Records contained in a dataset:
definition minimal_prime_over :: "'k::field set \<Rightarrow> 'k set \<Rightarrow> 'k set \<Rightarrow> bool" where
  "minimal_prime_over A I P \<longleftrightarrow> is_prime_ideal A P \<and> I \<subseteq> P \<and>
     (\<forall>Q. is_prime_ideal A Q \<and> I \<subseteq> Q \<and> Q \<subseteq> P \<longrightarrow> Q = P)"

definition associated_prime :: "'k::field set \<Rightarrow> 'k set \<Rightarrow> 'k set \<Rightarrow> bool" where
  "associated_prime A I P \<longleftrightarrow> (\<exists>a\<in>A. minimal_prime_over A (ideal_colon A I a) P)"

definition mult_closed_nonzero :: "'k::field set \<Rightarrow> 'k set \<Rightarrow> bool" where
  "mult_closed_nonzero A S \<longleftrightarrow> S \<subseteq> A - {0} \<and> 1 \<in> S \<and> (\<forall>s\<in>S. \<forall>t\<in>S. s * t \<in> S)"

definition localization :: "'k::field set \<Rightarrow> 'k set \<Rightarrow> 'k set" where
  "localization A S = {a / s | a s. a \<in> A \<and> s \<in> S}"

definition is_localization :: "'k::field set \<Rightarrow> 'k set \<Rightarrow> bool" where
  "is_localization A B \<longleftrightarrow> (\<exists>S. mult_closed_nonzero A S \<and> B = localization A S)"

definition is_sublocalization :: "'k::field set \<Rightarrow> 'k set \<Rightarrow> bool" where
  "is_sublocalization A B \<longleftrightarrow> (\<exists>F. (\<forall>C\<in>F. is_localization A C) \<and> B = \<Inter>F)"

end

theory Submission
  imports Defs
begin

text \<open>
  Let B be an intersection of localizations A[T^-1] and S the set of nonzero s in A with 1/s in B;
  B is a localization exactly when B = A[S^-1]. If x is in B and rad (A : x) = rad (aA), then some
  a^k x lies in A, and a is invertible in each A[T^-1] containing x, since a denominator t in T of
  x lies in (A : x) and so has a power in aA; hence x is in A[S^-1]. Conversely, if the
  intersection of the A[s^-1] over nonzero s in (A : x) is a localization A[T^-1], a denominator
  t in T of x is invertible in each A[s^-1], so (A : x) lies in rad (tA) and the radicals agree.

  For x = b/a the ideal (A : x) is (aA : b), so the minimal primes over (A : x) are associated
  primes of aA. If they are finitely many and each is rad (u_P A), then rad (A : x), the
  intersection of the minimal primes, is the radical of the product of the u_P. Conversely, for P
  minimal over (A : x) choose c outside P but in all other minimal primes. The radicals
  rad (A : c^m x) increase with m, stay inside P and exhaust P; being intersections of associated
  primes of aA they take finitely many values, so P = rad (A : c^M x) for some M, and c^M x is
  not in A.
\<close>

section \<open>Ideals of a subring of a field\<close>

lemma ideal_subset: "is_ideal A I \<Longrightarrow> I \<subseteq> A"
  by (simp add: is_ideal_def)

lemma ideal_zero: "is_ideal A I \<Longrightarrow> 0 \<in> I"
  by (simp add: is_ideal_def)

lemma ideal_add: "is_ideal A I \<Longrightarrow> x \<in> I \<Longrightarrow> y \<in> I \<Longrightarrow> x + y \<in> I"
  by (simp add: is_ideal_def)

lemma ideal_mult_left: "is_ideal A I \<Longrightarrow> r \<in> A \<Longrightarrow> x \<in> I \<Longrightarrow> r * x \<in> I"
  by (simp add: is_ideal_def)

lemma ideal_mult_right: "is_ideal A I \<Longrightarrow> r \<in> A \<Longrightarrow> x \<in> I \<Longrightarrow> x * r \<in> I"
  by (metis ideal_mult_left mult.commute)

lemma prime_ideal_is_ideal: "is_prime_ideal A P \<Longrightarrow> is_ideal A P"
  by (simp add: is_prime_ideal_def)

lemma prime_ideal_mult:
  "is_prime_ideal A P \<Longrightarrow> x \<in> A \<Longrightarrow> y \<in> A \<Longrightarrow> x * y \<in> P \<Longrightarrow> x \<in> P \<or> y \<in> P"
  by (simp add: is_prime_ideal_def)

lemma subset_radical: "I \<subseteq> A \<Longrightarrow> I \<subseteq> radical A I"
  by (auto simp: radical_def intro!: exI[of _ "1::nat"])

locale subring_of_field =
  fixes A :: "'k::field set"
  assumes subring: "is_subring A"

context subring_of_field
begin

REQUIRED WORK:
Reproduce exactly the section above that begins at the line containing "I \<Longrightarrow> y" and ends at the line containing "by (auto simp: radical_def", leaving out all other lines.

PROBLEM SOLUTION:
lemma ideal_add: "is_ideal A I \<Longrightarrow> x \<in> I \<Longrightarrow> y \<in> I \<Longrightarrow> x + y \<in> I"
  by (simp add: is_ideal_def)

lemma ideal_mult_left: "is_ideal A I \<Longrightarrow> r \<in> A \<Longrightarrow> x \<in> I \<Longrightarrow> r * x \<in> I"
  by (simp add: is_ideal_def)

lemma ideal_mult_right: "is_ideal A I \<Longrightarrow> r \<in> A \<Longrightarrow> x \<in> I \<Longrightarrow> x * r \<in> I"
  by (metis ideal_mult_left mult.commute)

lemma prime_ideal_is_ideal: "is_prime_ideal A P \<Longrightarrow> is_ideal A P"
  by (simp add: is_prime_ideal_def)

lemma prime_ideal_mult:
  "is_prime_ideal A P \<Longrightarrow> x \<in> A \<Longrightarrow> y \<in> A \<Longrightarrow> x * y \<in> P \<Longrightarrow> x \<in> P \<or> y \<in> P"
  by (simp add: is_prime_ideal_def)

lemma subset_radical: "I \<subseteq> A \<Longrightarrow> I \<subseteq> radical A I"
  by (auto simp: radical_def intro!: exI[of _ "1::nat"])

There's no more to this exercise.